A work of literature or artistic work attracts copyright at its fixation. No formalities, such as copyright registration, are necessary to obtain all the exclusive rights that the Dutch copyright provides. The duration of a copyright is generally 70 years after the death of the author. The term "work" includes many materials, such as books, brochures, films, photographs, musical works, works of visual art and geographical maps. Furthermore, the Dutch Supreme Court has ruled that to be considered a work, it should have its own, original character with the personal imprint of the author (HR 4 January 1991, NJ 1991, 608(Van Dale/Romme)). This threshold of originality has since been superseded by a decision of the European Court of Justice (C-5/08) and is now "The author's own intellectual Creation".
The exclusive right to publish a work includes amongst others the publication of a copy of (part of) the work, the public recitation thereof and to rent or lend (part of) the work to public institutions. The exclusive right to duplicate a work includes amongst others the recording, the translation, the music arrangement and the adaptation for the screen of the work.
International laws and treaties
Copyright laws differ between countries. However, there are several international treaties concerning copyright that harmonise copyright to a certain extent. The Netherlands is a signature state to among others:
- The Berne Convention, 1886
- The Universal Copyright Convention, 1952
- The WIPO Copyright Treaty, 1996
- The WIPO Performances and Phonograms Treaty, 1996
- The Agreement on Trade-Related Aspects of Intellectual Property Rights (TRIPs) (which manages the rights concerning trade in intellectual property)

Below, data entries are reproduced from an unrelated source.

lemma short_pair_cross_bound:
  fixes p q u w :: "'a::metric_space"
  assumes lip: "\<bar>s\<bar> \<le> K * dist p q"
    and short: "p \<noteq> q \<Longrightarrow> (K' + 1) * dist u w \<le> (K' - K) * dist p q"
    and "K \<le> K'" "1 \<le> K'"
  shows "\<bar>s\<bar> + dist u w \<le> K' * (dist w p + dist u q)"
proof (cases "p = q")
  case True
  have "dist u w \<le> dist w p + dist u p"
    using dist_triangle3[of u w p] by (simp add: dist_commute)
  then have "\<bar>s\<bar> + dist u w \<le> dist w p + dist u q"
    using lip True by simp
  also have "\<dots> \<le> K' * (dist w p + dist u q)"
    using mult_right_mono[OF \<open>1 \<le> K'\<close>, of "dist w p + dist u q"] by simp
  finally show ?thesis .
next
  case False
  have "dist p q \<le> dist w p + dist u w + dist u q"
    using dist_triangle[of p q w] dist_triangle[of w q u] by (simp add: dist_commute)
  then have "K' * (dist p q - dist u w) \<le> K' * (dist w p + dist u q)"
    using \<open>1 \<le> K'\<close> by (intro mult_left_mono) auto
  moreover have "\<bar>s\<bar> + dist u w \<le> K' * (dist p q - dist u w)"
    using lip short[OF False] by (simp add: algebra_simps)
  ultimately show ?thesis by linarith
qed

lemma two_point_extension:
  fixes P :: "'i \<Rightarrow> 'a::metric_space" and V :: "'i \<Rightarrow> real"
  assumes lip: "\<And>a b. a \<in> I \<Longrightarrow> b \<in> I \<Longrightarrow> \<bar>V a - V b\<bar> \<le> K * dist (P a) (P b)"
    and short: "\<And>a b. a \<in> I \<Longrightarrow> b \<in> I \<Longrightarrow> P a \<noteq> P b \<Longrightarrow>
                  (K' + 1) * dist u w \<le> (K' - K) * dist (P a) (P b)"
    and "K \<le> K'" "1 \<le> K'" and "\<bar>\<beta>\<bar> \<le> dist u w"
  shows "\<exists>t. \<forall>a\<in>I. \<bar>t - V a\<bar> \<le> K' * dist w (P a) \<and> \<bar>t + \<beta> - V a\<bar> \<le> K' * dist u (P a)"
proof -
  have cross: "\<bar>V a - V b\<bar> + dist u w \<le> K' * dist w (P a) + K' * dist u (P b)"
    if "a \<in> I" "b \<in> I" for a b
    using short_pair_cross_bound[of "V a - V b" K "P a" "P b" K' u w] lip[OF that] short[OF that] assms(3,4)
    by (simp add: distrib_left)
  have same: "\<bar>V a - V b\<bar> \<le> K' * dist z (P a) + K' * dist z (P b)" if "a \<in> I" "b \<in> I" for a b z
  proof -
    have "\<bar>V a - V b\<bar> \<le> K' * dist (P a) (P b)"
      using lip[OF that] mult_right_mono[OF \<open>K \<le> K'\<close> zero_le_dist[of "P a" "P b"]] by linarith
    also have "\<dots> \<le> K' * dist z (P a) + K' * dist z (P b)"
      using mult_left_mono[OF dist_triangle3[of "P a" "P b" z], of K'] \<open>1 \<le> K'\<close>
      by (simp add: distrib_left)
    finally show ?thesis .
  qed
  define lo where "lo = (\<lambda>(s, a). if s then V a - \<beta> - K' * dist u (P a) else V a - K' * dist w (P a))"
  define hi where "hi = (\<lambda>(s, a). if s then V a - \<beta> + K' * dist u (P a) else V a + K' * dist w (P a))"
  have lo_hi: "lo (s, a) \<le> hi (t, b)" if "a \<in> I" "b \<in> I" for s t a b
  proof -
    have "V a - V b \<le> \<bar>V a - V b\<bar>" "V b - V a \<le> \<bar>V a - V b\<bar>" "\<bar>\<beta>\<bar> \<le> dist u w"
      using assms(5) by auto
    then show ?thesis
      using same[OF that, of u] same[OF that, of w] cross[OF that] cross[OF that(2,1)]
      by (cases s; cases t) (simp_all add: lo_def hi_def abs_le_iff abs_minus_commute)
  qed
  then have "\<forall>i\<in>UNIV \<times> I. \<forall>j\<in>UNIV \<times> I. lo i \<le> hi j"
    by (simp add: mem_Times_iff split_paired_all)
  then obtain t where t: "\<forall>i\<in>UNIV \<times> I. lo i \<le> t \<and> t \<le> hi i"
    by (rule common_point_of_intervals[THEN exE])
  show ?thesis
  proof (intro exI[of _ t] ballI)
    fix a assume "a \<in> I"
    then show "\<bar>t - V a\<bar> \<le> K' * dist w (P a) \<and> \<bar>t + \<beta> - V a\<bar> \<le> K' * dist u (P a)"
      using t[THEN bspec, of "(True, a)"] t[THEN bspec, of "(False, a)"]
      by (simp add: lo_def hi_def abs_le_iff)
  qed
qed

lemma prefix_lipschitz_cong:
  assumes "\<And>i. i < n \<Longrightarrow> c i = c' i"
  shows "prefix_lipschitz K u w \<alpha> c n \<longleftrightarrow> prefix_lipschitz K u w \<alpha> c' n"
proof -
  have "endpoint_value u w \<alpha> c a = endpoint_value u w \<alpha> c' a" if "a \<in> UNIV \<times> {..<n}" for a
    using that assms by (auto simp: endpoint_value_def)
  then show ?thesis
    unfolding prefix_lipschitz_def by simp
qed

lemma prefix_lipschitz_mono:
  assumes "prefix_lipschitz K u w \<alpha> c n" and "K \<le> K'"
  shows "prefix_lipschitz K' u w \<alpha> c n"
  using assms unfolding prefix_lipschitz_def by (meson mult_right_mono order_trans zero_le_dist)

lemma prefix_lipschitz_SucI:
  fixes u w :: "nat \<Rightarrow> 'a::metric_space"
  assumes old: "prefix_lipschitz K u w \<alpha> c n"
    and new_old: "\<And>s a. a \<in> UNIV \<times> {..<n} \<Longrightarrow>
      \<bar>endpoint_value u w \<alpha> c (s, n) - endpoint_value u w \<alpha> c a\<bar> \<le> K * dist (endpoint u w (s, n)) (endpoint u w a)"
    and "\<bar>\<alpha> n\<bar> \<le> K"
  shows "prefix_lipschitz K u w \<alpha> c (Suc n)"
proof -
  let ?P = "endpoint u w" and ?V = "endpoint_value u w \<alpha> c"
  have new_new: "\<bar>?V (s, n) - ?V (s', n)\<bar> \<le> K * dist (?P (s, n)) (?P (s', n))" for s s'
  proof -
    have "\<bar>\<alpha> n * dist (u n) (w n)\<bar> \<le> K * dist (u n) (w n)"
      using mult_right_mono[OF \<open>\<bar>\<alpha> n\<bar> \<le> K\<close> zero_le_dist] by (simp add: abs_mult)
    then show ?thesis
      by (cases s; cases s') (simp_all add: endpoint_def endpoint_value_def dist_commute)
  qed
  have "\<bar>?V a - ?V b\<bar> \<le> K * dist (?P a) (?P b)"
    if "a \<in> UNIV \<times> {..<Suc n}" "b \<in> UNIV \<times> {..<Suc n}" for a b
  proof -
    have "a \<in> UNIV \<times> {..<n} \<or> a = (fst a, n)" "b \<in> UNIV \<times> {..<n} \<or> b = (fst b, n)"
      using that by (auto simp: less_Suc_eq)
    then show ?thesis
      using old new_new new_old[of a] new_old[of b] unfolding prefix_lipschitz_def
      by (metis abs_minus_commute dist_commute)
  qed
  then show ?thesis
    unfolding prefix_lipschitz_def by blast
qed

lemma prefix_lipschitz_Suc:
  fixes u w :: "nat \<Rightarrow> 'a::metric_space"
  assumes lip: "prefix_lipschitz K u w \<alpha> c n" and short: "short_pair K K' u w n"
    and "K \<le> K'" "1 \<le> K'" and "\<bar>\<alpha> n\<bar> \<le> 1"
  shows "\<exists>t. prefix_lipschitz K' u w \<alpha> (c(n := t)) (Suc n)"
proof -
  let ?I = "UNIV \<times> {..<n}" and ?P = "endpoint u w" and ?V = "endpoint_value u w \<alpha> c"
  define e where "e = dist (u n) (w n)"
  have "\<bar>\<alpha> n * e\<bar> \<le> e"
    using \<open>\<bar>\<alpha> n\<bar> \<le> 1\<close> by (simp add: e_def abs_mult mult_left_le_one_le)
  have "\<exists>t. \<forall>a\<in>?I. \<bar>t - ?V a\<bar> \<le> K' * dist (w n) (?P a) \<and> \<bar>t + \<alpha> n * e - ?V a\<bar> \<le> K' * dist (u n) (?P a)"
  proof (rule two_point_extension)
    show "\<bar>?V a - ?V b\<bar> \<le> K * dist (?P a) (?P b)" if "a \<in> ?I" "b \<in> ?I" for a b
      using lip that unfolding prefix_lipschitz_def by blast
    show "(K' + 1) * dist (u n) (w n) \<le> (K' - K) * dist (?P a) (?P b)"
      if "a \<in> ?I" "b \<in> ?I" "?P a \<noteq> ?P b" for a b
      using short that unfolding short_pair_def by blast
  qed (use assms(3,4) \<open>\<bar>\<alpha> n * e\<bar> \<le> e\<close> e_def in auto)
  then obtain t where t: "\<And>a. a \<in> ?I \<Longrightarrow>
      \<bar>t - ?V a\<bar> \<le> K' * dist (w n) (?P a) \<and> \<bar>t + \<alpha> n * e - ?V a\<bar> \<le> K' * dist (u n) (?P a)"
    by blast
  let ?V' = "endpoint_value u w \<alpha> (c(n := t))"
  have old: "?V' a = ?V a" if "a \<in> ?I" for a
    using that by (auto simp: endpoint_value_def)
  have "prefix_lipschitz K' u w \<alpha> (c(n := t)) n"
    using prefix_lipschitz_mono[OF lip \<open>K \<le> K'\<close>] by (subst prefix_lipschitz_cong[of n _ c]) auto
  moreover have "\<bar>?V' (s, n) - ?V' a\<bar> \<le> K' * dist (?P (s, n)) (?P a)" if "a \<in> ?I" for s a
    using t[OF that] old[OF that] by (cases s) (simp_all add: endpoint_def endpoint_value_def e_def)
  moreover have "\<bar>\<alpha> n\<bar> \<le> K'"
    using assms(4,5) by linarith
  ultimately show ?thesis
    by (blast intro: prefix_lipschitz_SucI)
qed

lemma prefix_lipschitz_values_exist:
  fixes u w :: "nat \<Rightarrow> 'a::metric_space"
  assumes "\<And>k. short_pair (Ks k) (Ks (Suc k)) u w k"
    and "\<And>k. Ks k \<le> Ks (Suc k)" "\<And>k. 1 \<le> Ks k" and "\<And>k. \<bar>\<alpha> k\<bar> \<le> 1"
  shows "\<exists>c. \<forall>n. prefix_lipschitz (Ks n) u w \<alpha> c n"
proof (rule prefix_choice)
  show "prefix_lipschitz (Ks 0) u w \<alpha> (\<lambda>_. 0) 0"
    by (simp add: prefix_lipschitz_def)
  show "\<exists>t. prefix_lipschitz (Ks (Suc n)) u w \<alpha> (c(n := t)) (Suc n)"
    if "prefix_lipschitz (Ks n) u w \<alpha> c n" for n c
    using prefix_lipschitz_Suc[OF that] assms by blast
  show "prefix_lipschitz (Ks n) u w \<alpha> c' n"
    if "prefix_lipschitz (Ks n) u w \<alpha> c n" "\<And>i. i < n \<Longrightarrow> c i = c' i" for n c c'
    using that prefix_lipschitz_cong by blast
qed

Since the Netherlands is a member state of the European Union all directives and regulations of the European Union apply in the Netherlands. As such copyright in the Netherlands has some specific features over the Copyright law of the European Union
- Copyright is only granted to creative, original works. The creator of the work must have used some creativity or a certain creative decision must have been made. Creativity is a relative term, however, as this is a legal, not aesthetic, standard.
- Copyright is granted automatically, without any (registration) formality, in the Netherlands, as it is in any other country that is party to the Berne Convention. This means that it is not necessary to include copyright indicators such as "copyright 2006". In fact, the word "copyright" has no legal meaning in the Netherlands.
- A copyright lasts for a finite amount of time. Specifically, 70 years after the death of the author. When a copyright expires, the work become part of the public domain. An author also can prematurely renounce a copyright.
- Neither the expertise of the author, nor the quality of the creation itself is a relevant factor in determining whether a creation is a work or not. An underexposed, badly composed picture of the Eiffel Tower can be just as copyright-protected as a two-meter-tall print of a perfect photograph of the same tower by a professional photographer, provided that the legal requirements of a work are met.
- Dutch laws, rulings and regulations are not copyright-protected. This means that they can be used at all times by anyone for any purpose (article 11). However, some publishers of legal texts and court rulings may claim auteursrecht with regard to the form or order in which they are presented.
- The Auteurswet allows for citaatrecht (quotation right). This allows the use of (parts of) a work under a limitative set of conditions. Quotation rights appear to be more limited and demarcated than the concept of fair use.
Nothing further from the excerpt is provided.